GitLab’s net loss widened to $52.9 million from $26.6 million in the year-ago quarter.

For the 2024 fiscal year, GitLab sees an adjusted loss of 14 cents to 18 cents per share on revenue of $541 million to $543 million. Analysts had expected an adjusted loss of 26 cents per share and sales of $532.6 million. In March GitLab had called for an adjusted per-share loss of 24 cents to 29 cents on revenue of $529 million to $533 million.

During the quarter, GitLab raised the price of its premium tier to $29 per user per month from $19.

“To date, customer churn is unchanged for the premium customers who renewed in April,” GitLab finance chief Brian Robins said on Monday’s call with analysts. He added that average annual recurring revenue per customer “increased in line with our expectations.”

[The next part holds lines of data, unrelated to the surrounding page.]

(* For every linkage $\mathcal{L}=(G,\ell)$, the annotation map $\mathrm{Annot}_{\mathcal{L}}:(\mathbb{R}^2)^{V}\to(\mathbb{R}^2)^{V}\times\mathbb{R}^{E\times E}$ is injective, semi-algebraic, and continuous on the set of nontouching configurations of linkages $\epsilon$-related to $\mathcal L$ (for any $\epsilon\ge0$), i.e. on $\bigcup_{\epsilon\ge 0}\mathrm{NConf}_\epsilon(\mathcal L)$.
   Context: A linkage is a pair $\mathcal L=(G,\ell)$ with $G=(V,E)$ a finite graph and $\ell:E\to\mathbb R_{\ge0}$ (edges are called bars; zero lengths are allowed). A configuration of $\mathcal L$ is a map $C:V\to\mathbb R^2$ with $|C(v)-C(w)|=\ell(v,w)$ for every bar $(v,w)$. Two linkages $(G_1,\ell_1),(G_2,\ell_2)$ are $\epsilon$-related if $G_1=G_2$ and $|\ell_1(e)-\ell_2(e)|\le\epsilon$ for all edges $e$. A configuration $C$ of a linkage $\mathcal L'=(G,\ell')$ is nontouching if no two bars intersect except at endpoints, and two vertices have the same position if and only if they are joined in $G$ by a path of bars of $\ell'$-length zero (vertices joined by such a path are regarded as merged into one vertex, so bars incident to them may meet at that common point). $\mathrm{NConf}_\epsilon(\mathcal L)$ denotes the set of nontouching configurations of linkages $\epsilon$-related to $\mathcal L$ (as maps $V\to\mathbb R^2$). Order function: for oriented segments $e_1,e_2$, in coordinates where $e_1$ runs from $(0,0)$ to $(l,0)$, let $d_\pm(e_1,e_2)=\mathrm{len}\{x\in[0,l]:\exists y,\ \pm y\ge 0,\ (x,y)\in e_2\}$ and $\mathrm{Ord}(e_1,e_2)=d_+-d_-$. Each edge is given a fixed canonical orientation; for $e=(u,v)$ write $C(e)$ for the oriented segment from $C(u)$ to $C(v)$. The annotation map is $\mathrm{Annot}_{\mathcal L}(C)=(C,A)$ where $A_{i,j}=\mathrm{Ord}(C(e_i),C(e_j))$ for $e_i,e_j\in E$. *)

theory Defs
  imports "HOL-Analysis.Analysis"
begin

text \<open>A linkage: vertex set = finite type 'v, edge set E :: 'e set (over a finite type 'e),
  each edge e has a canonical orientation from src e to tgt e; lengths ell :: 'e => real.\<close>

definition simple_graph :: "'e set \<Rightarrow> ('e \<Rightarrow> 'v) \<Rightarrow> ('e \<Rightarrow> 'v) \<Rightarrow> bool" where
  "simple_graph E src tgt \<longleftrightarrow>
     (\<forall>e\<in>E. src e \<noteq> tgt e) \<and>
     (\<forall>e\<in>E. \<forall>e'\<in>E. e \<noteq> e' \<longrightarrow> {src e, tgt e} \<noteq> {src e', tgt e'})"

definition linkage :: "'e set \<Rightarrow> ('e \<Rightarrow> 'v) \<Rightarrow> ('e \<Rightarrow> 'v) \<Rightarrow> ('e \<Rightarrow> real) \<Rightarrow> bool" where
  "linkage E src tgt ell \<longleftrightarrow> simple_graph E src tgt \<and> (\<forall>e\<in>E. ell e \<ge> 0)"

definition is_configuration ::
  "'e set \<Rightarrow> ('e \<Rightarrow> 'v::finite) \<Rightarrow> ('e \<Rightarrow> 'v) \<Rightarrow> ('e \<Rightarrow> real) \<Rightarrow> (real^2)^'v \<Rightarrow> bool" where
  "is_configuration E src tgt ell C \<longleftrightarrow>
     (\<forall>e\<in>E. dist (C $ src e) (C $ tgt e) = ell e)"

definition eps_related :: "'e set \<Rightarrow> real \<Rightarrow> ('e \<Rightarrow> real) \<Rightarrow> ('e \<Rightarrow> real) \<Rightarrow> bool" where
  "eps_related E eps ell ell' \<longleftrightarrow> (\<forall>e\<in>E. \<bar>ell e - ell' e\<bar> \<le> eps)"

definition zero_joined ::
  "'e set \<Rightarrow> ('e \<Rightarrow> 'v) \<Rightarrow> ('e \<Rightarrow> 'v) \<Rightarrow> ('e \<Rightarrow> real) \<Rightarrow> 'v \<Rightarrow> 'v \<Rightarrow> bool" where
  "zero_joined E src tgt ell u v \<longleftrightarrow>
     (let Z = {(src e, tgt e) | e. e \<in> E \<and> ell e = 0} in (u, v) \<in> (Z \<union> Z\<inverse>)\<^sup>*)"

definition bar_segment :: "('e \<Rightarrow> 'v::finite) \<Rightarrow> ('e \<Rightarrow> 'v) \<Rightarrow> (real^2)^'v \<Rightarrow> 'e \<Rightarrow> (real^2) set" where
  "bar_segment src tgt C e = closed_segment (C $ src e) (C $ tgt e)"

definition nontouching ::
  "'e set \<Rightarrow> ('e \<Rightarrow> 'v::finite) \<Rightarrow> ('e \<Rightarrow> 'v) \<Rightarrow> ('e \<Rightarrow> real) \<Rightarrow> (real^2)^'v \<Rightarrow> bool" where
  "nontouching E src tgt ell C \<longleftrightarrow>
     (\<forall>e1\<in>E. \<forall>e2\<in>E. e1 \<noteq> e2 \<longrightarrow>
        bar_segment src tgt C e1 \<inter> bar_segment src tgt C e2
          \<subseteq> {C $ src e1, C $ tgt e1} \<inter> {C $ src e2, C $ tgt e2}) \<and>
     (\<forall>u v. C $ u = C $ v \<longleftrightarrow> zero_joined E src tgt ell u v)"

definition NConf ::
  "'e set \<Rightarrow> ('e \<Rightarrow> 'v::finite) \<Rightarrow> ('e \<Rightarrow> 'v) \<Rightarrow> ('e \<Rightarrow> real) \<Rightarrow> real \<Rightarrow> ((real^2)^'v) set" where
  "NConf E src tgt ell eps =
     {C. \<exists>ell'. linkage E src tgt ell' \<and> eps_related E eps ell ell' \<and>
                is_configuration E src tgt ell' C \<and> nontouching E src tgt ell' C}"

text \<open>Coordinates of z in the frame where the oriented segment p->q runs from (0,0) to (l,0),
  l = |q - p| (rotation + translation; y-axis is the positive 90-degree rotation of q - p).\<close>
definition xcoord :: "real^2 \<Rightarrow> real^2 \<Rightarrow> real^2 \<Rightarrow> real" where
  "xcoord p q z = ((z - p) \<bullet> (q - p)) / dist p q"

definition ycoord :: "real^2 \<Rightarrow> real^2 \<Rightarrow> real^2 \<Rightarrow> real" where
  "ycoord p q z = ((q - p) $ 1 * (z - p) $ 2 - (q - p) $ 2 * (z - p) $ 1) / dist p q"

definition d_plus :: "real^2 \<Rightarrow> real^2 \<Rightarrow> real^2 \<Rightarrow> real^2 \<Rightarrow> real" where
  "d_plus p q r s = measure lebesgue
     {x. x \<in> {0..dist p q} \<and> (\<exists>z\<in>closed_segment r s. xcoord p q z = x \<and> ycoord p q z \<ge> 0)}"

definition d_minus :: "real^2 \<Rightarrow> real^2 \<Rightarrow> real^2 \<Rightarrow> real^2 \<Rightarrow> real" where
  "d_minus p q r s = measure lebesgue
     {x. x \<in> {0..dist p q} \<and> (\<exists>z\<in>closed_segment r s. xcoord p q z = x \<and> ycoord p q z \<le> 0)}"

text \<open>Ord(e1, e2) for e1 the oriented segment p->q and e2 the oriented segment r->s.\<close>
definition Ord :: "real^2 \<Rightarrow> real^2 \<Rightarrow> real^2 \<Rightarrow> real^2 \<Rightarrow> real" where
  "Ord p q r s = d_plus p q r s - d_minus p q r s"

text \<open>Annotation map. The matrix A is indexed by E x E; entries outside E x E are set to 0
  (so the target R^(E x E) is embedded in real^('e x 'e)).\<close>
definition Annot ::
  "'e set \<Rightarrow> ('e::finite \<Rightarrow> 'v::finite) \<Rightarrow> ('e \<Rightarrow> 'v) \<Rightarrow> (real^2)^'v \<Rightarrow> ((real^2)^'v) \<times> (real^('e \<times> 'e))" where
  "Annot E src tgt C =
     (C, \<chi> ij. if fst ij \<in> E \<and> snd ij \<in> E
               then Ord (C $ src (fst ij)) (C $ tgt (fst ij)) (C $ src (snd ij)) (C $ tgt (snd ij))
               else 0)"

inductive_set poly_fun :: "('a::euclidean_space \<Rightarrow> real) set" where
  const: "(\<lambda>x. c) \<in> poly_fun"
| coord: "b \<in> Basis \<Longrightarrow> (\<lambda>x. x \<bullet> b) \<in> poly_fun"
| add: "p \<in> poly_fun \<Longrightarrow> q \<in> poly_fun \<Longrightarrow> (\<lambda>x. p x + q x) \<in> poly_fun"
| mult: "p \<in> poly_fun \<Longrightarrow> q \<in> poly_fun \<Longrightarrow> (\<lambda>x. p x * q x) \<in> poly_fun"

inductive_set semialgebraic :: "('a::euclidean_space) set set" where
  zero: "p \<in> poly_fun \<Longrightarrow> {x. p x = 0} \<in> semialgebraic"
| pos: "p \<in> poly_fun \<Longrightarrow> {x. p x > 0} \<in> semialgebraic"
| un: "A \<in> semialgebraic \<Longrightarrow> B \<in> semialgebraic \<Longrightarrow> A \<union> B \<in> semialgebraic"
| int: "A \<in> semialgebraic \<Longrightarrow> B \<in> semialgebraic \<Longrightarrow> A \<inter> B \<in> semialgebraic"
| compl: "A \<in> semialgebraic \<Longrightarrow> - A \<in> semialgebraic"

definition semialgebraic_map_on ::
  "'a::euclidean_space set \<Rightarrow> ('a \<Rightarrow> 'b::euclidean_space) \<Rightarrow> bool" where
  "semialgebraic_map_on S f \<longleftrightarrow> {(x, f x) | x. x \<in> S} \<in> semialgebraic"

end

theory Submission
  imports Defs
begin

(* Injectivity is immediate, since Annot C records C itself.  The union of the sets
   NConf_eps is the set of configurations that are nontouching for the lengths they realise
   (predicate NT), because any length function is eps-related to ell for eps large.
   The core is an explicit formula for Ord(e1, e2) when e2 meets e1 at most in the endpoints
   of e1: in the frame of e1, e2 is the graph of an affine function over the interval
   [lo, hi] of shared abscissae; this function has no zero in (lo, hi), so one of d_plus,
   d_minus is hi - lo and the other is 0, i.e.
      Ord = sgn (height of e2 over the midpoint of [lo, hi]) * (hi - lo).
   Continuity follows from the formula, and from |Ord| <= max 0 (hi - lo) <= |e1| near
   degenerate configurations.  Semi-algebraicity follows since the formula (via a sign
   condition), the nontouching condition (via orientation tests) and the zero-length-path
   condition (via a finite disjunction over sets of bars) are Boolean combinations of
   polynomial equations and inequalities in the coordinates. *)

lemma poly_diff: "p \<in> poly_fun \<Longrightarrow> q \<in> poly_fun \<Longrightarrow> (\<lambda>x. p x - q x) \<in> poly_fun"
proof -
  assume "p \<in> poly_fun" "q \<in> poly_fun"
  then have "(\<lambda>x. p x + (\<lambda>x. -1) x * q x) \<in> poly_fun" by (intro poly_fun.intros)
  then show ?thesis by simp
qed

lemma poly_sum:
  "finite A \<Longrightarrow> (\<And>a. a \<in> A \<Longrightarrow> f a \<in> poly_fun) \<Longrightarrow> (\<lambda>x. \<Sum>a\<in>A. f a x) \<in> poly_fun"
proof (induction A rule: finite_induct)
  case empty
  then show ?case using poly_fun.const[of 0] by simp
next
  case (insert a A)
  then have "(\<lambda>x. f a x + (\<Sum>a\<in>A. f a x)) \<in> poly_fun" by (intro poly_fun.add) simp_all
  then show ?case using insert.hyps by simp
qed

lemma poly_linear:
  fixes f :: "'a::euclidean_space \<Rightarrow> real"
  assumes "linear f"
  shows "f \<in> poly_fun"
proof -
  have fx: "f x = (\<Sum>b\<in>Basis. (\<lambda>b x. (x \<bullet> b) * f b) b x)" for x
  proof -
    have "f x = f (\<Sum>b\<in>Basis. (x \<bullet> b) *\<^sub>R b)" by (simp only: euclidean_representation)
    also have "\<dots> = (\<Sum>b\<in>Basis. f ((x \<bullet> b) *\<^sub>R b))" by (rule linear_sum[OF assms])
    also have "\<dots> = (\<Sum>b\<in>Basis. (x \<bullet> b) * f b)"
      by (rule sum.cong) (simp_all only: linear_scale[OF assms] real_scaleR_def)
    finally show ?thesis by simp
  qed
  have "f = (\<lambda>x. \<Sum>b\<in>Basis. (\<lambda>b x. (x \<bullet> b) * f b) b x)" by (rule ext) (rule fx)
  also have "\<dots> \<in> poly_fun"
  proof (rule poly_sum)
    fix b :: 'a assume "b \<in> Basis"
    then show "(\<lambda>x. x \<bullet> b * f b) \<in> poly_fun" by (rule poly_fun.mult[OF poly_fun.coord poly_fun.const])
  qed simp
  finally show ?thesis .
qed

text \<open>A predicate is semi-algebraic if the set it defines is.  The closure lemmas below let
  the automation check semi-algebraicity of a formula by following its syntax.\<close>
definition sa :: "('a::euclidean_space \<Rightarrow> bool) \<Rightarrow> bool" where
  "sa P \<longleftrightarrow> {x. P x} \<in> semialgebraic"

lemma sa_eq0: "p \<in> poly_fun \<Longrightarrow> sa (\<lambda>x. p x = 0)"
  unfolding sa_def by (rule semialgebraic.zero)

lemma sa_pos: "p \<in> poly_fun \<Longrightarrow> sa (\<lambda>x. p x > 0)"
  unfolding sa_def by (rule semialgebraic.pos)

lemma sa_conj: "sa P \<Longrightarrow> sa Q \<Longrightarrow> sa (\<lambda>x. P x \<and> Q x)"
  unfolding sa_def Collect_conj_eq by (rule semialgebraic.int)

lemma sa_disj: "sa P \<Longrightarrow> sa Q \<Longrightarrow> sa (\<lambda>x. P x \<or> Q x)"
  unfolding sa_def Collect_disj_eq by (rule semialgebraic.un)

lemma sa_not: "sa P \<Longrightarrow> sa (\<lambda>x. \<not> P x)"
  unfolding sa_def Collect_neg_eq by (rule semialgebraic.compl)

Sid Sijbrandij, GitLab’s CEO, said more revenue could come from a generative artificial intelligence add-on that will cost $9 per user per month when billed annually.

Sijbrandij, who co-founded the company over a decade ago, had some encouraging personal news to share. Three months after announcing he had chosen to undergo treatment for osteosarcoma, Sijbrandij said on the call that there was “no sign of detectable disease,” adding that he’s excited about the company’s future and “retaining my role as CEO and chair.”

The business still has challenges. Sales cycles took longer than usual during the quarter, and customers reduced the number of seats they bought, Robins said.

But the financial numbers led several analysts to raise their price targets on GitLab stock.

“The quarter was stronger than most expected, and the company was able to maintain a very positive and conservative outlook — a contrast to last quarter,” wrote Piper Sandler analysts Rob Owens and Ethan Weeks in a note to clients.

The analysts have the equivalent of a buy rating on the company’s stock and lifted their price target to $52 from $50. GitLab shares were trading at close to $47 as of mid-afternoon New York time.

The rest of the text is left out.